CrashFormer: A Multimodal Architecture to Predict the Risk of Crash
Amin Karimi Monsefi, Pouya Shiri, Ahmad Mohammadshirazi, Nastaran Karimi Monsefi, Ron Davies, Sobhan Moosavi, Rajiv Ramnath
DOI: https://doi.org/10.1145/3615900.3628769
2024-02-08
Abstract:Reducing traffic accidents is a crucial global public safety concern.
Accident prediction is key to improving traffic safety, enabling proactive
measures to be taken before a crash occurs, and informing safety policies,
regulations, and targeted interventions. Despite numerous studies on accident
prediction over the past decades, many have limitations in terms of
generalizability, reproducibility, or feasibility for practical use due to
input data or problem formulation.
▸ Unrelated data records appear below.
definition cofinite_pi :: "(nat ^ 'n \<rightharpoonup> nat ^ 'n) \<Rightarrow> bool" where
  "cofinite_pi a \<longleftrightarrow> partial_isometry a \<and> finite (Npts - dom a) \<and> finite (Npts - ran a)"

definition INinf :: "(nat ^ 'n \<rightharpoonup> nat ^ 'n) set" where
  "INinf = {a. cofinite_pi a}"

text \<open>Composition of partial maps written on the right: x(ab) = (xa)b.\<close>
definition rcomp :: "('a \<rightharpoonup> 'a) \<Rightarrow> ('a \<rightharpoonup> 'a) \<Rightarrow> ('a \<rightharpoonup> 'a)" (infixl "\<cdot>" 70) where
  "a \<cdot> b = b \<circ>\<^sub>m a"

definition Iden :: "nat ^ 'n \<rightharpoonup> nat ^ 'n" where
  "Iden = (\<lambda>x. if x \<in> Npts then Some x else None)"

definition units_IN :: "(nat ^ 'n \<rightharpoonup> nat ^ 'n) set" where
  "units_IN = {s \<in> INinf. \<exists>t\<in>INinf. s \<cdot> t = Iden \<and> t \<cdot> s = Iden}"

text \<open>Green's relations for a semigroup (carrier S, multiplication m); S^1 a = {a} \<union> S a etc.\<close>
definition left_ideal1 :: "'a set \<Rightarrow> ('a \<Rightarrow> 'a \<Rightarrow> 'a) \<Rightarrow> 'a \<Rightarrow> 'a set" where
  "left_ideal1 S m a = insert a ((\<lambda>s. m s a) ` S)"
definition right_ideal1 :: "'a set \<Rightarrow> ('a \<Rightarrow> 'a \<Rightarrow> 'a) \<Rightarrow> 'a \<Rightarrow> 'a set" where
  "right_ideal1 S m a = insert a ((\<lambda>s. m a s) ` S)"
definition two_ideal1 :: "'a set \<Rightarrow> ('a \<Rightarrow> 'a \<Rightarrow> 'a) \<Rightarrow> 'a \<Rightarrow> 'a set" where
  "two_ideal1 S m a = (\<Union>u\<in>insert a ((\<lambda>s. m s a) ` S). insert u ((\<lambda>t. m u t) ` S))"

definition greenL :: "'a set \<Rightarrow> ('a \<Rightarrow> 'a \<Rightarrow> 'a) \<Rightarrow> 'a \<Rightarrow> 'a \<Rightarrow> bool" where
  "greenL S m a b \<longleftrightarrow> left_ideal1 S m a = left_ideal1 S m b"
definition greenR :: "'a set \<Rightarrow> ('a \<Rightarrow> 'a \<Rightarrow> 'a) \<Rightarrow> 'a \<Rightarrow> 'a \<Rightarrow> bool" where
  "greenR S m a b \<longleftrightarrow> right_ideal1 S m a = right_ideal1 S m b"
definition greenJ :: "'a set \<Rightarrow> ('a \<Rightarrow> 'a \<Rightarrow> 'a) \<Rightarrow> 'a \<Rightarrow> 'a \<Rightarrow> bool" where
  "greenJ S m a b \<longleftrightarrow> two_ideal1 S m a = two_ideal1 S m b"
definition greenH :: "'a set \<Rightarrow> ('a \<Rightarrow> 'a \<Rightarrow> 'a) \<Rightarrow> 'a \<Rightarrow> 'a \<Rightarrow> bool" where
  "greenH S m a b \<longleftrightarrow> greenL S m a b \<and> greenR S m a b"
definition greenD :: "'a set \<Rightarrow> ('a \<Rightarrow> 'a \<Rightarrow> 'a) \<Rightarrow> 'a \<Rightarrow> 'a \<Rightarrow> bool" where
  "greenD S m a b \<longleftrightarrow> (\<exists>c\<in>S. greenL S m a c \<and> greenR S m c b)"

definition natord :: "'a set \<Rightarrow> ('a \<Rightarrow> 'a \<Rightarrow> 'a) \<Rightarrow> 'a \<Rightarrow> 'a \<Rightarrow> bool" where
  "natord S m s t \<longleftrightarrow> (\<exists>e\<in>S. m e e = e \<and> s = m t e)"

end

theory Submission
  imports Defs
begin

text \<open>
  Far from the finite set of missing points, a cofinite partial isometry \<alpha> of \<open>\<nat>\<^sup>n\<close> is an
  isometry between full orthant-like regions; comparing distances to a point and its unit
  neighbours shows that \<alpha> acts as a signed coordinate permutation plus a translation, and
  positivity of coordinates (available since \<open>n \<ge> 2\<close>) kills the signs and the translation.
  So \<alpha> is a coordinate permutation restricted to \<open>dom \<alpha>\<close>: the units are the \<open>n!\<close>
  coordinate permutations and every element extends to a unit.

  The defect (number of points of \<open>\<nat>\<^sup>n\<close> outside the domain) is invariant under multiplication
  by units and strictly drops under proper extension. Hence if \<open>\<alpha> = u\<beta>v\<close> and \<open>\<beta> = u'\<alpha>v'\<close>,
  extending \<open>u, v\<close> to units \<open>\<sigma>, \<tau>\<close> gives \<open>\<alpha> \<subseteq> \<sigma>\<beta>\<tau>\<close> with equal defects, so
  \<open>\<alpha> = \<sigma>\<beta>\<tau>\<close>. This yields all descriptions of Green's relations; J-classes are finite because
  there are finitely many units, and antichains because idempotents are restrictions of the
  identity.
\<close>

locale monoid_on =
  fixes S :: "'a set" and mult :: "'a \<Rightarrow> 'a \<Rightarrow> 'a" and one :: 'a
  assumes mult_closed: "a \<in> S \<Longrightarrow> b \<in> S \<Longrightarrow> mult a b \<in> S"
    and mult_assoc: "a \<in> S \<Longrightarrow> b \<in> S \<Longrightarrow> c \<in> S \<Longrightarrow> mult (mult a b) c = mult a (mult b c)"
    and one_closed: "one \<in> S"
    and left_one: "a \<in> S \<Longrightarrow> mult one a = a"
    and right_one: "a \<in> S \<Longrightarrow> mult a one = a"
begin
To address existing shortcomings, we propose
CrashFormer, a multi-modal architecture that utilizes comprehensive (but
relatively easy to obtain) inputs such as the history of accidents, weather
information, map images, and demographic information. The model predicts the
future risk of accidents on a reasonably acceptable cadence (i.e., every six
hours) for a geographical location of 5.161 square kilometers. CrashFormer is
composed of five components: a sequential encoder to utilize historical
accidents and weather data, an image encoder to use map imagery data, a raw
data encoder to utilize demographic information, a feature fusion module for
aggregating the encoded features, and a classifier that accepts the aggregated
data and makes predictions accordingly. Results from extensive real-world
experiments in 10 major US cities show that CrashFormer outperforms
state-of-the-art sequential and non-sequential models by 1.8% in F1-score on
average when using ``sparse'' input data.
Machine Learning,Artificial Intelligence